* _TASK REQUIREMENTS_: From the line containing "using F_unit that h" to the very last line of the data below, transcribe everything exactly and nothing more.

▬▬▬

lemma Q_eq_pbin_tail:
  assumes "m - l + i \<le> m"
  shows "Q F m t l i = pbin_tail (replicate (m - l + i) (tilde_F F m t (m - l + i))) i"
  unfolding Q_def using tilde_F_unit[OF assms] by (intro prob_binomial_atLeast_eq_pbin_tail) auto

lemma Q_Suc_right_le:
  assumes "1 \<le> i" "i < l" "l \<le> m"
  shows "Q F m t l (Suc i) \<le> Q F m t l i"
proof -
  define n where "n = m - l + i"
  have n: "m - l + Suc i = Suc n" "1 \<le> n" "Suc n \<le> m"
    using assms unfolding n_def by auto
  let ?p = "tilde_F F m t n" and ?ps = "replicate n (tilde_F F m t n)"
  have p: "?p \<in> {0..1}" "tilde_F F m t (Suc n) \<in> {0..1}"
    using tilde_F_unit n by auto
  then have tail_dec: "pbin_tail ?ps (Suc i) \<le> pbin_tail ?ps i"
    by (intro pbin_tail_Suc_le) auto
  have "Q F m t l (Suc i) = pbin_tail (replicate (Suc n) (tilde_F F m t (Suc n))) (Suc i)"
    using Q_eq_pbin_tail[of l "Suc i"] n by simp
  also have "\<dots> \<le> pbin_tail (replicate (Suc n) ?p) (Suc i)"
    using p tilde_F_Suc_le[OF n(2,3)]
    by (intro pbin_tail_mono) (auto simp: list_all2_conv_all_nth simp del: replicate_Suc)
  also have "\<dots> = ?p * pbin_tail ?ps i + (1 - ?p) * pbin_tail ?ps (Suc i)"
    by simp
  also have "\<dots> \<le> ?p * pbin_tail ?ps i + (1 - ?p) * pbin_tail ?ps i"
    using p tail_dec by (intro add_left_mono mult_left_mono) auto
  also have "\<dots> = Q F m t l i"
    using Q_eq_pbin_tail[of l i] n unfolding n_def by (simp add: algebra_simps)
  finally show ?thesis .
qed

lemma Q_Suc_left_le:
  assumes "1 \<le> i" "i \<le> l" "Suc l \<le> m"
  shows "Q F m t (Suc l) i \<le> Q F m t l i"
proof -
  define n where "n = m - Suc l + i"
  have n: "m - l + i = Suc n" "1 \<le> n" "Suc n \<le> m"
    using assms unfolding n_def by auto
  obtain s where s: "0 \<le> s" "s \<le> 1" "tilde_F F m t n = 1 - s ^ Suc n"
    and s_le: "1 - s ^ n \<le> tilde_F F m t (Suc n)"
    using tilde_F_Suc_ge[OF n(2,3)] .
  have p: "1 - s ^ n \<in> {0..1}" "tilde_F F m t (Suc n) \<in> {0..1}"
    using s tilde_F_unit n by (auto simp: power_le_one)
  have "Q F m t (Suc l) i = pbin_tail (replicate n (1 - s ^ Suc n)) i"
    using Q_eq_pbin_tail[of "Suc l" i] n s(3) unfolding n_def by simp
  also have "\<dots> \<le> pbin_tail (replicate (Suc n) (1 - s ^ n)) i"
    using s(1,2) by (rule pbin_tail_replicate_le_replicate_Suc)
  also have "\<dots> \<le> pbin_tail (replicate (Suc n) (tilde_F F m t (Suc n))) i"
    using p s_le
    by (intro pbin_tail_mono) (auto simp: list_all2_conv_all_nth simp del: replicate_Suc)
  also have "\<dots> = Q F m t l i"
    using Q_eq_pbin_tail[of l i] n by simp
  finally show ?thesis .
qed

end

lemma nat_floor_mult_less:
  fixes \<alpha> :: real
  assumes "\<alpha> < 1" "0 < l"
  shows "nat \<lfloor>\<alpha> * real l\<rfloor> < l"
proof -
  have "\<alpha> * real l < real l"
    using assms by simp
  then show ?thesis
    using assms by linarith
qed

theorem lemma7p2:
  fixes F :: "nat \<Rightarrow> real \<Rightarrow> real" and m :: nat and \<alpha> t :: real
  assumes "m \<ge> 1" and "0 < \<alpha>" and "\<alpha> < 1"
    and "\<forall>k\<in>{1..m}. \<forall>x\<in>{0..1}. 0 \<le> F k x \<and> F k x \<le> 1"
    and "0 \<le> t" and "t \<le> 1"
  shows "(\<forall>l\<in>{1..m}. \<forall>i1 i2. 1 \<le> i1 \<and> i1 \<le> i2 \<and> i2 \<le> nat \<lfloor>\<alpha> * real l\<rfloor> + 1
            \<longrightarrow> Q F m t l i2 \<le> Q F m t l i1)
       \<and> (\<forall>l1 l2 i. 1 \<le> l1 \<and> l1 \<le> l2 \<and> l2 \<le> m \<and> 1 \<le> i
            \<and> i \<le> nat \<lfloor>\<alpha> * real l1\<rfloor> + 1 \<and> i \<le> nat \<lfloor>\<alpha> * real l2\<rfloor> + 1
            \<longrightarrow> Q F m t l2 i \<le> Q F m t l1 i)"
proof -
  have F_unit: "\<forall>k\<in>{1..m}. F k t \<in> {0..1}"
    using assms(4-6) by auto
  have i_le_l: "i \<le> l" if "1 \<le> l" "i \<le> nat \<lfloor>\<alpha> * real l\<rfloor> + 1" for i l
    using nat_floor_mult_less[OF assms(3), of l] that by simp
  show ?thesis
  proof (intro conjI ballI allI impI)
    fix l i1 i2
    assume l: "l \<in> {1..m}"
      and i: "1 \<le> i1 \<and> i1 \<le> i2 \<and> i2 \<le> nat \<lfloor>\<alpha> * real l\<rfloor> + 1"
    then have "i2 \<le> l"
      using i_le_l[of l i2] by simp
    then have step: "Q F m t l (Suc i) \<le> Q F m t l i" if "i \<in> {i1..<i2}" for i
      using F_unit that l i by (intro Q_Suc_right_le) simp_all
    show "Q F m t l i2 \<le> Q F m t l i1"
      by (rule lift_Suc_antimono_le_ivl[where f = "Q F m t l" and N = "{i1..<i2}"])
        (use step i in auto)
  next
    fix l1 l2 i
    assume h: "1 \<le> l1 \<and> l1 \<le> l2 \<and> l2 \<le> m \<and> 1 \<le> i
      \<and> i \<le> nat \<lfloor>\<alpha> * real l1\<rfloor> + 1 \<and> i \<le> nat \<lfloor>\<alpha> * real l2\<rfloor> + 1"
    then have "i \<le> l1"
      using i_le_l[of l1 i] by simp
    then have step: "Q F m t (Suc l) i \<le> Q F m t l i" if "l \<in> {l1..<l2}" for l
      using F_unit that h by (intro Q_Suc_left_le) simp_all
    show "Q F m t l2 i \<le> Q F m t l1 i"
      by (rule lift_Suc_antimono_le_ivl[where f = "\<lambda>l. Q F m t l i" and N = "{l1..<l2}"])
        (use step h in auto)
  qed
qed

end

▬▬▬

* _RESULT FOR THIS TASK_:
      using F_unit that h by (intro Q_Suc_left_le) simp_all
    show "Q F m t l2 i \<le> Q F m t l1 i"
      by (rule lift_Suc_antimono_le_ivl[where f = "\<lambda>l. Q F m t l i" and N = "{l1..<l2}"])
        (use step h in auto)
  qed
qed

end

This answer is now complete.